Five days after Salt's disappearance these women were the source of reports that troops of marauding Angels had razed the rings of Indigenous villages within a fifty-mile radius of the city of Paradise. Salt's village would be among them if the tales were true.

Savour often had business with the farmers of those neighboring villages, and could find a convenient pretext for an afternoon away to discuss contracts or commission certain crops. She set out for Paradise, and hired a man to take her the rest of the way into the ring villages and fields to see for herself if the reports were true.

When she saw the smoke as they approached the first of the villages, Savour remembered herself as a child, as a huntress. This time, though, she hunted not in forest nor lake nor sea, but through clusters of ruined houses, and what had been cultivated fields and orchards.

The uprooted corpses of agate trees obstructed her path. There had been no mercy for things growing. She passed a village cemetery, and saw that the Angels had even killed the dead. Everywhere graves gaped open and the ground was littered with a terrible mosaic of bones. It was as if the Angels had feared the dead would rise and defend their people.

She searched for living beings, but found none.

In many houses, the Angels had not had been obliged to do the work of killing; the inhabitants had starved before the massacre, and their neighbors had been too weak to bury them; or worse, had eaten the remains. She saw bodies missing buttocks that had been cut off for steaks. There was a heart carved on a wall in one house with the message, “We died in March, but send our love. Mother and Father.”

She saw families too emaciated even to serve as meat, their mouths open, feeding on nothing. It was useless to think of her cat, Candle. Someone must have eaten him months ago.

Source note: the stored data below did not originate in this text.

section \<open>Le Cam's two-point bound\<close>

text \<open>AM-GM in the form \<open>2 \<epsilon> h \<le> min p q + \<epsilon>\<^sup>2 (p + q)\<close>, combined with
  \<open>D min p q \<le> 2 (p G + q H)\<close>.\<close>
lemma two_point_pointwise:
  fixes p q h \<epsilon> D G H :: real
  assumes "0 \<le> p" "0 \<le> q" "0 \<le> h" "h\<^sup>2 = p * q" "0 \<le> \<epsilon>"
    and "0 \<le> G" "0 \<le> H" "0 \<le> D" "D \<le> 2 * (G + H)"
  shows "D * \<epsilon> * h \<le> p * G + q * H + D / 2 * \<epsilon>\<^sup>2 * (p + q)"
proof -
  have h: "h = sqrt p * sqrt q"
    using assms by (metis real_sqrt_mult real_sqrt_unique)
  have "2 * \<epsilon> * h \<le> p + \<epsilon>\<^sup>2 * q" "2 * \<epsilon> * h \<le> q + \<epsilon>\<^sup>2 * p"
    using assms(1,2) h sum_power2_ge_zero[of "sqrt p - \<epsilon> * sqrt q" 0] sum_power2_ge_zero[of "sqrt q - \<epsilon> * sqrt p" 0]
    by (simp_all add: power2_eq_square algebra_simps)
  moreover have "0 \<le> \<epsilon>\<^sup>2 * p" "0 \<le> \<epsilon>\<^sup>2 * q"
    using assms(1,2) by simp_all
  ultimately have amgm: "2 * \<epsilon> * h \<le> min p q + \<epsilon>\<^sup>2 * (p + q)"
    by (simp add: min_def distrib_left)
  have "min p q * D \<le> min p q * (2 * (G + H))"
    using assms by (intro mult_left_mono) auto
  also have "\<dots> \<le> 2 * (p * G + q * H)"
    using assms by (simp add: distrib_left add_mono mult_right_mono)
  finally have "min p q * D \<le> 2 * (p * G + q * H)" .
  moreover have "D * (2 * \<epsilon> * h) \<le> D * (min p q + \<epsilon>\<^sup>2 * (p + q))"
    using amgm assms(8) by (rule mult_left_mono)
  ultimately show ?thesis by (simp add: field_simps)
qed

lemma two_point_lower_bound:
  fixes \<nu> :: "'a measure" and p q h G H :: "'a \<Rightarrow> real"
  assumes [measurable]: "p \<in> borel_measurable \<nu>" "q \<in> borel_measurable \<nu>" "h \<in> borel_measurable \<nu>"
      "G \<in> borel_measurable \<nu>" "H \<in> borel_measurable \<nu>"
    and pos: "\<And>\<omega>. 0 \<le> p \<omega>" "\<And>\<omega>. 0 \<le> q \<omega>" "\<And>\<omega>. 0 \<le> h \<omega>" "\<And>\<omega>. (h \<omega>)\<^sup>2 = p \<omega> * q \<omega>"
    and loss: "\<And>\<omega>. 0 \<le> G \<omega>" "\<And>\<omega>. 0 \<le> H \<omega>" "\<And>\<omega>. D \<le> 2 * (G \<omega> + H \<omega>)" "0 \<le> D"
    and int: "(\<integral>\<^sup>+\<omega>. p \<omega> \<partial>\<nu>) = 1" "(\<integral>\<^sup>+\<omega>. q \<omega> \<partial>\<nu>) = 1" "(\<integral>\<^sup>+\<omega>. h \<omega> \<partial>\<nu>) = ennreal A" "0 \<le> A"
  shows "ennreal (D * A\<^sup>2 / 4) \<le> (\<integral>\<^sup>+\<omega>. ennreal (p \<omega> * G \<omega>) \<partial>\<nu>) + (\<integral>\<^sup>+\<omega>. ennreal (q \<omega> * H \<omega>) \<partial>\<nu>)"
    (is "_ \<le> ?T")
proof -
  define c where "c = D * A\<^sup>2 / 8"
  have c: "0 \<le> c" using loss(4) by (simp add: c_def)
  have pointwise: "ennreal (D * (A / 2)) * ennreal (h \<omega>)
      \<le> ennreal (p \<omega> * G \<omega>) + ennreal (q \<omega> * H \<omega>) + ennreal c * ennreal (p \<omega>) + ennreal c * ennreal (q \<omega>)" for \<omega>
  proof -
    have "D / 2 * (A / 2)\<^sup>2 * (p \<omega> + q \<omega>) = c * p \<omega> + c * q \<omega>"
      by (simp add: c_def power2_eq_square algebra_simps)
    then have "D * (A / 2) * h \<omega> \<le> p \<omega> * G \<omega> + q \<omega> * H \<omega> + c * p \<omega> + c * q \<omega>"
      using two_point_pointwise[OF pos(1-4)[of \<omega>] _ loss(1-2)[of \<omega>] loss(4,3), of "A / 2"] int(4)
      by linarith
    then show ?thesis
      using pos loss int(4) c
      by (simp add: ennreal_mult[symmetric] ennreal_plus[symmetric] del: ennreal_plus)
  qed
  have "ennreal (D * (A / 2)) * ennreal A = (\<integral>\<^sup>+\<omega>. ennreal (D * (A / 2)) * ennreal (h \<omega>) \<partial>\<nu>)"
    by (simp add: nn_integral_cmult int(3))
  also have "\<dots> \<le> (\<integral>\<^sup>+\<omega>. ennreal (p \<omega> * G \<omega>) + ennreal (q \<omega> * H \<omega>)
      + ennreal c * ennreal (p \<omega>) + ennreal c * ennreal (q \<omega>) \<partial>\<nu>)"
    by (rule nn_integral_mono) (rule pointwise)
  also have "\<dots> = ?T + ennreal (2 * c)"
    using c int(1,2) by (simp add: nn_integral_add nn_integral_cmult ennreal_plus[symmetric] del: ennreal_plus)
  also have "2 * c = D * A\<^sup>2 / 4"
    by (simp add: c_def)
  finally have "ennreal (D * A\<^sup>2 / 4) + ennreal (D * A\<^sup>2 / 4) \<le> ?T + ennreal (D * A\<^sup>2 / 4)"
    using loss(4) int(4)
    by (simp add: ennreal_mult[symmetric] ennreal_plus[symmetric] power2_eq_square mult_ac del: ennreal_plus)
  then show ?thesis
    by (simp add: ennreal_add_left_cancel_le add.commute[of ?T])
qed

definition risk_on :: "'i set \<Rightarrow> real \<Rightarrow> real \<Rightarrow> 'i set \<Rightarrow> (('i \<Rightarrow> bool \<times> real) \<Rightarrow> 'i \<Rightarrow> real) \<Rightarrow> ('i \<Rightarrow> real) \<Rightarrow> ennreal" where
  "risk_on I \<gamma> \<sigma> S E X = (\<integral>\<^sup>+\<omega>. ennreal (\<Sum>t\<in>S. (E \<omega> t - X t)\<^sup>2) \<partial>PiM I (\<lambda>t. obs_entry \<gamma> \<sigma> (X t)))"

lemma risk_eq_risk_on: "risk n1 n2 n3 \<gamma> \<sigma> E X = risk_on (tidx n1 n2 n3) \<gamma> \<sigma> (tidx n1 n2 n3) E X"
  unfolding risk_def risk_on_def obs_law_def entry_law_eq_obs_entry ..

lemma risk_on_two_point:
  assumes "0 \<le> \<gamma>" "\<gamma> \<le> 1" and "0 < \<sigma>" and I: "finite I" and "S \<subseteq> I"
    and E: "\<And>t. t \<in> S \<Longrightarrow> (\<lambda>\<omega>. E \<omega> t) \<in> borel_measurable (PiM I (\<lambda>_. obs_space))"
  shows "ennreal ((\<Sum>t\<in>S. (X t - X' t)\<^sup>2) * (\<Prod>t\<in>I. affinity \<gamma> \<sigma> (X t) (X' t))\<^sup>2 / 4)
     \<le> risk_on I \<gamma> \<sigma> S E X + risk_on I \<gamma> \<sigma> S E X'"
proof -
  let ?\<nu> = "PiM I (\<lambda>_. obs_entry \<gamma> \<sigma> 0)"
  have [measurable]: "(\<lambda>\<omega>. E \<omega> t) \<in> borel_measurable ?\<nu>" if "t \<in> S" for t
    using E[OF that] measurable_cong_sets[OF sets_PiM_obs_entry[of I \<gamma> \<sigma> "\<lambda>_. 0"] refl] by blast
  have [measurable]: "lr_prod \<sigma> Y I \<in> borel_measurable ?\<nu>" for Y
    using I by (rule borel_measurable_lr_prod)
  have risk_density: "risk_on I \<gamma> \<sigma> S E Y
      = (\<integral>\<^sup>+\<omega>. ennreal (lr_prod \<sigma> Y I \<omega> * (\<Sum>t\<in>S. (E \<omega> t - Y t)\<^sup>2)) \<partial>?\<nu>)" for Y
    unfolding risk_on_def using assms(5)
    by (subst PiM_obs_entry_eq_density[OF assms(1-4)], subst nn_integral_density)
       (auto intro!: nn_integral_cong simp: ennreal_mult'' sum_nonneg)
  show ?thesis
    unfolding risk_density
  proof (rule two_point_lower_bound)
    show "(\<lambda>\<omega>. \<Prod>t\<in>I. hellinger_entry \<sigma> (X t) (X' t) (\<omega> t)) \<in> borel_measurable ?\<nu>"
      using I by measurable
    show "(\<Prod>t\<in>I. hellinger_entry \<sigma> (X t) (X' t) (\<omega> t))\<^sup>2 = lr_prod \<sigma> X I \<omega> * lr_prod \<sigma> X' I \<omega>" for \<omega>
      by (simp add: prod_power_distrib hellinger_entry_sq lr_prod_def prod.distrib)
    have "(X t - X' t)\<^sup>2 \<le> 2 * (E \<omega> t - X t)\<^sup>2 + 2 * (E \<omega> t - X' t)\<^sup>2" for \<omega> t
      using zero_le_power2[of "2 * E \<omega> t - X t - X' t"] by (simp add: power2_eq_square algebra_simps)
    then show "(\<Sum>t\<in>S. (X t - X' t)\<^sup>2) \<le> 2 * ((\<Sum>t\<in>S. (E \<omega> t - X t)\<^sup>2) + (\<Sum>t\<in>S. (E \<omega> t - X' t)\<^sup>2))" for \<omega>
      by (simp add: distrib_left sum_distrib_left sum.distrib[symmetric] sum_mono)
  qed (use assms in \<open>auto simp: nn_integral_lr_prod nn_integral_hellinger_prod affinity_nonneg
      prod_nonneg hellinger_entry_nonneg less_imp_le[OF lr_prod_pos] sum_nonneg\<close>)
qed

She made her way across the bridge over the narrow river to the compound of Salt's family. Bodies, the shapes of what had days before been his sisters and brothers, their husbands and wives, were strewn around the courtyard, like toys a monster had played with. Salt's family had not died slowly of starvation, but had been cut down. She saw his twin brother and sister, her child in her arms. The child's rigid mouth was fixed on its mother's nipple.